It has been suggested that the 13-day week may relate to the lunar calendar, being the period between a new moon and a full moon. The trouble with this theory is that it doesn’t add up, as it would give a lunar month of 26 days instead of the more accurate figure of 29. Supporters of the theory respond by saying that you can enjoy the full moon on the day before and the day after too, so the full cycle is 13 days from new to full, 3 days of full-moon watching, then 13 days of a waning moon. Hey presto: 29. But even the Mayans must have felt there was something unsatisfactory about a 13-day lunar week, with the phases of the Moon starting 3 days later every cycle.

As for the 260-day cycle, one suggestion is that it is the period of human gestation, or at least the time between the first missed period and childbirth. Yet there is no evidence to suggest that Mayan midwives had a large influence on the calendar system.

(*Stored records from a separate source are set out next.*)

text \<open>w(Z) = aleph_0 + min |B| over bases; nw(Z) likewise over networks (cardinals as in BNF).\<close>
definition weight :: "'a topology \<Rightarrow> ('a set + nat) rel" where
  "weight Z = BNF_Cardinal_Arithmetic.csum (card_of (SOME B. is_base Z B \<and> (\<forall>B'. is_base Z B' \<longrightarrow> (card_of B, card_of B') \<in> ordLeq))) natLeq"

definition netweight :: "'a topology \<Rightarrow> ('a set + nat) rel" where
  "netweight Z = BNF_Cardinal_Arithmetic.csum (card_of (SOME N. is_network Z N \<and> (\<forall>N'. is_network Z N' \<longrightarrow> (card_of N, card_of N') \<in> ordLeq))) natLeq"

end

(*
  Q_P(X) is a subspace of the product R^X, and the cylinders over finitely many points of X
  with sides taken from a countable base of R form a base of the product of size |X|;
  hence nw <= w <= |X|.

  Conversely, every non-maximal x carries a quasi-continuous 0-1 step function f_x: the
  indicator of (<-, x], which is clopen when x has an immediate successor s(x), and otherwise
  the indicator of [x, ->), which is quasi-continuous at x because every right neighbourhood
  [x, b) of x contains the nonempty open interval (x, b). Its basic neighbourhood
  W_x = {g. g x > 1/2}, cut down by g (s x) < 1/2 in the first case, has the property that
  f_y \<in> W_x and f_x \<in> W_y force x = y. So choosing for each x a network element between f_x
  and W_x is injective, and every network has at least |X| elements.
*)
theory Submission
  imports
    Defs
    "HOL-Algebra.Free_Abelian_Groups" (* for the cardinal arithmetic of HOL-Cardinals *)
begin

unbundle cardinal_syntax

lemma some_card_minimal:
  assumes "P B0"
  defines "M \<equiv> SOME B. P B \<and> (\<forall>B'. P B' \<longrightarrow> card_of B \<le>o card_of B')"
  shows "P M" and "\<And>B. P B \<Longrightarrow> |M| \<le>o |B|"
proof -
  have "\<exists>r \<in> card_of ` {B. P B}. \<forall>r' \<in> card_of ` {B. P B}. r \<le>o r'"
    by (rule exists_minim_Well_order) (use assms card_of_Well_order in auto)
  then have "\<exists>B. P B \<and> (\<forall>B'. P B' \<longrightarrow> card_of B \<le>o card_of B')"
    by auto
  then have "P M \<and> (\<forall>B'. P B' \<longrightarrow> card_of M \<le>o card_of B')"
    unfolding M_def by (rule someI_ex)
  then show "P M" and "\<And>B. P B \<Longrightarrow> |M| \<le>o |B|"
    by auto
qed

lemma some_card_minimal_csum_natLeq:
  assumes "P B0" "|B0| \<le>o |A|" "\<And>B. P B \<Longrightarrow> |A| \<le>o |B|" "infinite A"
  shows "card_of (SOME B. P B \<and> (\<forall>B'. P B' \<longrightarrow> card_of B \<le>o card_of B')) +c natLeq =o |A|"
proof -
  define M where "M = (SOME B. P B \<and> (\<forall>B'. P B' \<longrightarrow> card_of B \<le>o card_of B'))"
  have "P M" and M_le: "\<And>B. P B \<Longrightarrow> |M| \<le>o |B|"
    using some_card_minimal[of P, OF assms(1)] unfolding M_def by blast+
  have "|M| =o |A|"
    using ordLeq_transitive[OF M_le[OF assms(1)] assms(2)] assms(3)[OF \<open>P M\<close>]
    by (simp add: ordIso_iff_ordLeq)
  then have "infinite M"
    using card_of_ordIso_finite assms(4) by blast
  then have "|M| +c natLeq =o |M|"
    using infinite_iff_natLeq_ordLeq[of M]
    by (intro csum_absorb1) (auto simp: cinfinite_def Field_card_of card_of_card_order_on)
  then show ?thesis
    using \<open>|M| =o |A|\<close> unfolding M_def by (rule ordIso_transitive)
qed

lemma base_imp_network: "is_base Z B \<Longrightarrow> is_network Z B"
  unfolding is_base_def is_network_def using openin_subset by blast

lemma weight_netweight_ordIso_card:
  assumes "is_base Z B" "|B| \<le>o |A|" "\<And>N. is_network Z N \<Longrightarrow> |A| \<le>o |N|" "infinite A"
  shows "weight Z =o |A|" and "netweight Z =o |A|"
  unfolding weight_def netweight_def
  using assms base_imp_network by (blast intro: some_card_minimal_csum_natLeq)+

definition cylinder :: "('i \<times> 'b set) set \<Rightarrow> ('i \<Rightarrow> 'b) set" where
  "cylinder F = {g. \<forall>(i, V)\<in>F. g i \<in> V}"

lemma openin_product_topology_eval:
  "open V \<Longrightarrow> openin (product_topology (\<lambda>_. euclidean) UNIV) {g. g i \<in> V}"
  using openin_continuous_map_preimage[OF continuous_map_product_projection[of i UNIV "\<lambda>_. euclidean"]]
  by simp

lemma openin_cylinder:
  assumes "finite F" "\<And>i V. (i, V) \<in> F \<Longrightarrow> open V"
  shows "openin (product_topology (\<lambda>_. euclidean) UNIV) (cylinder F)"
proof -
  have "cylinder F = (\<Inter>(i, V)\<in>F. {g. g i \<in> V}) \<inter> topspace (product_topology (\<lambda>_. euclidean) UNIV)"
    by (auto simp: cylinder_def)
  also have "openin (product_topology (\<lambda>_. euclidean) UNIV) \<dots>"
    using assms by (intro openin_INT) (auto intro: openin_product_topology_eval)
  finally show ?thesis .
qed

lemma is_base_cylinders:
  fixes \<B> :: "'b::topological_space set set"
  assumes basis: "topological_basis \<B>"
  shows "is_base (product_topology (\<lambda>_. euclidean) (UNIV :: 'i set)) (cylinder ` Fpow (UNIV \<times> \<B>))"
  unfolding is_base_def
proof (intro conjI ballI allI impI)
  fix b assume "b \<in> cylinder ` Fpow (UNIV \<times> \<B>)"
  then show "openin (product_topology (\<lambda>_. euclidean) UNIV) b"
    using topological_basis_open[OF basis] by (auto simp: Fpow_def intro!: openin_cylinder)
next
  fix T and z :: "'i \<Rightarrow> 'b"
  assume "openin (product_topology (\<lambda>_. euclidean) UNIV) T" "z \<in> T"
  then obtain W where W: "finite {i. W i \<noteq> UNIV}" "\<And>i. open (W i)"
    "z \<in> Pi\<^sub>E UNIV W" "Pi\<^sub>E UNIV W \<subseteq> T"
    unfolding openin_product_topology_alt by auto
  have "\<exists>C\<in>\<B>. z i \<in> C \<and> C \<subseteq> W i" for i
  proof -
    have "z i \<in> W i"
      using W(3) by (simp add: PiE_iff)
    then show ?thesis
      by (rule topological_basisE[OF basis W(2)]) blast
  qed
  then obtain C where C: "\<And>i. C i \<in> \<B>" "\<And>i. z i \<in> C i" "\<And>i. C i \<subseteq> W i"
    by metis
  define F where "F = (\<lambda>i. (i, C i)) ` {i. W i \<noteq> UNIV}"
  have "F \<in> Fpow (UNIV \<times> \<B>)"
    using W(1) C(1) by (auto simp: F_def Fpow_def)
  moreover have "z \<in> cylinder F"
    using C(2) by (auto simp: F_def cylinder_def)
  moreover have "cylinder F \<subseteq> T"
  proof
    fix g assume g: "g \<in> cylinder F"
    have "g i \<in> W i" for i
    proof (cases "W i = UNIV")
      case False
      then have "(i, C i) \<in> F"
        by (simp add: F_def)
      then have "g i \<in> C i"
        using g unfolding cylinder_def by blast
      then show ?thesis
        using C(3) by blast
    qed simp
    then show "g \<in> T"
      using W(4) by (auto simp: PiE_UNIV_domain)
  qed
  ultimately show "\<exists>b\<in>cylinder ` Fpow (UNIV \<times> \<B>). z \<in> b \<and> b \<subseteq> T"
    by (intro bexI) (auto intro: imageI)
qed

lemma card_of_Fpow_Times_countable:
  assumes "infinite A" "countable C"
  shows "|Fpow (A \<times> C)| \<le>o |A|"
proof -
  have "|C| \<le>o |UNIV :: nat set|"
    using assms(2) card_of_ordLeq[of C "UNIV :: nat set"] unfolding countable_def by blast
  also have "|UNIV :: nat set| \<le>o |A|"
    using assms(1) infinite_iff_card_of_nat by blast
  finally have "|A \<times> C| \<le>o |A \<times> A|"
    by (rule card_of_Times_mono2)
  also have "|A \<times> A| =o |A|"
    using assms(1) by (rule card_of_Times_same_infinite)
  finally have "|Fpow (A \<times> C)| \<le>o |Fpow A|"
    by (rule card_of_Fpow_mono)
  also have "|Fpow A| =o |A|"
    using assms(1) by (rule card_of_Fpow_infinite)
  finally show ?thesis .
qed

lemma is_base_subtopology:
  assumes "is_base Z B"
  shows "is_base (subtopology Z S) ((\<lambda>b. b \<inter> S) ` B)"
  unfolding is_base_def
proof (intro conjI ballI allI impI)
  fix c assume "c \<in> (\<lambda>b. b \<inter> S) ` B"
  then obtain b where "b \<in> B" "c = b \<inter> S"
    by blast
  then show "openin (subtopology Z S) c"
    using assms unfolding is_base_def by (simp add: openin_subtopology_Int)
next
  fix U z assume "openin (subtopology Z S) U" "z \<in> U"
  then obtain T where T: "openin Z T" "U = T \<inter> S"
    unfolding openin_subtopology by blast
  then obtain b where "b \<in> B" "z \<in> b" "b \<subseteq> T"
    using assms \<open>z \<in> U\<close> unfolding is_base_def by blast
  then have "b \<inter> S \<in> (\<lambda>b. b \<inter> S) ` B" "z \<in> b \<inter> S" "b \<inter> S \<subseteq> U"
    using T(2) \<open>z \<in> U\<close> by auto
  then show "\<exists>c\<in>(\<lambda>b. b \<inter> S) ` B. z \<in> c \<and> c \<subseteq> U"
    by blast
qed

lemma QP_base_card_le:
  assumes "infinite (UNIV :: 'a set)"
  shows "\<exists>B. is_base (QP :: ('a::topological_space \<Rightarrow> real) topology) B \<and> |B| \<le>o |UNIV :: 'a set|"
proof -
  obtain \<B> :: "real set set" where "countable \<B>" "topological_basis \<B>"
    using ex_countable_basis by blast
  let ?B = "(\<lambda>b. b \<inter> {f. quasi_continuous f}) ` cylinder ` Fpow ((UNIV :: 'a set) \<times> \<B>)"
  have "is_base QP ?B"
    unfolding QP_def by (intro is_base_subtopology is_base_cylinders) fact
  moreover have "|?B| \<le>o |UNIV :: 'a set|"
  proof -
    have "|?B| \<le>o |cylinder ` Fpow ((UNIV :: 'a set) \<times> \<B>)|"
      by (rule card_of_image)
    also have "|cylinder ` Fpow ((UNIV :: 'a set) \<times> \<B>)| \<le>o |Fpow ((UNIV :: 'a set) \<times> \<B>)|"
      by (rule card_of_image)
    also have "|Fpow ((UNIV :: 'a set) \<times> \<B>)| \<le>o |UNIV :: 'a set|"
      using assms \<open>countable \<B>\<close> by (rule card_of_Fpow_Times_countable)
    finally show ?thesis .
  qed
  ultimately show ?thesis by blast
qed

lemma network_card_ge_separated:
  assumes "is_network Z N"
    and "\<And>x. x \<in> D \<Longrightarrow> openin Z (W x)" "\<And>x. x \<in> D \<Longrightarrow> p x \<in> W x"
    and "\<And>x y. \<lbrakk>x \<in> D; y \<in> D; p y \<in> W x; p x \<in> W y\<rbrakk> \<Longrightarrow> x = y"
  shows "|D| \<le>o |N|"
proof -
  have "\<exists>n. n \<in> N \<and> p x \<in> n \<and> n \<subseteq> W x" if "x \<in> D" for x
  proof -
    have "\<forall>z\<in>W x. \<exists>n\<in>N. z \<in> n \<and> n \<subseteq> W x"
      using assms(1) assms(2)[OF that] unfolding is_network_def by blast
    then show ?thesis
      using assms(3)[OF that] by blast
  qed
  then have "\<forall>x\<in>D. \<exists>n. n \<in> N \<and> p x \<in> n \<and> n \<subseteq> W x"
    by blast
  from bchoice[OF this] obtain \<phi> where \<phi>: "\<forall>x\<in>D. \<phi> x \<in> N \<and> p x \<in> \<phi> x \<and> \<phi> x \<subseteq> W x"
    by blast
  have "inj_on \<phi> D"
  proof (rule inj_onI)
    fix x y assume "x \<in> D" "y \<in> D" "\<phi> x = \<phi> y"
    then have "p y \<in> W x" and "p x \<in> W y"
      using \<phi> by blast+
    with \<open>x \<in> D\<close> \<open>y \<in> D\<close> show "x = y"
      by (rule assms(4))
  qed
  then show ?thesis
    by (rule card_of_ordLeqI) (use \<phi> in blast)
qed

definition has_successor :: "'a::linorder \<Rightarrow> bool" where
  "has_successor x \<longleftrightarrow> (\<exists>s>x. {x<..<s} = {})"

definition successor :: "'a::linorder \<Rightarrow> 'a" where
  "successor x = (SOME s. x < s \<and> {x<..<s} = {})"

lemma
  assumes "has_successor x"
  shows less_successor: "x < successor x"
    and greaterThanLessThan_successor: "{x<..<successor x} = {}"
proof -
  have "x < successor x \<and> {x<..<successor x} = {}"
    using assms unfolding has_successor_def successor_def by (rule someI_ex)
  then show "x < successor x" and "{x<..<successor x} = {}"
    by blast+
qed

16. Where did the Etruscans come from?

The Etruscans – the ancient inhabitants of Tuscany – were a major power in central Italy from the beginning of the Iron Age to the early days of the Roman empire. Indeed, it was the Etruscans who were largely responsible for turning the small village of Ruma on the banks of the River Tiber into the mighty city we know as Rome. Yet where the Etruscans came from has been a matter of dispute for more than two millennia. The ancient Romans maintained that their origins lay in Asia Minor; the ancient Greeks, on the other hand, believed they were an indigenous Italian race. The Etruscans themselves left no literature, no religious texts nor any other clues as to their origins, apart from some items found in graves and tombs. What little remains of their language makes it clear that it is not Indo-European – indeed, no similarity has been detected with any known language, alive or dead.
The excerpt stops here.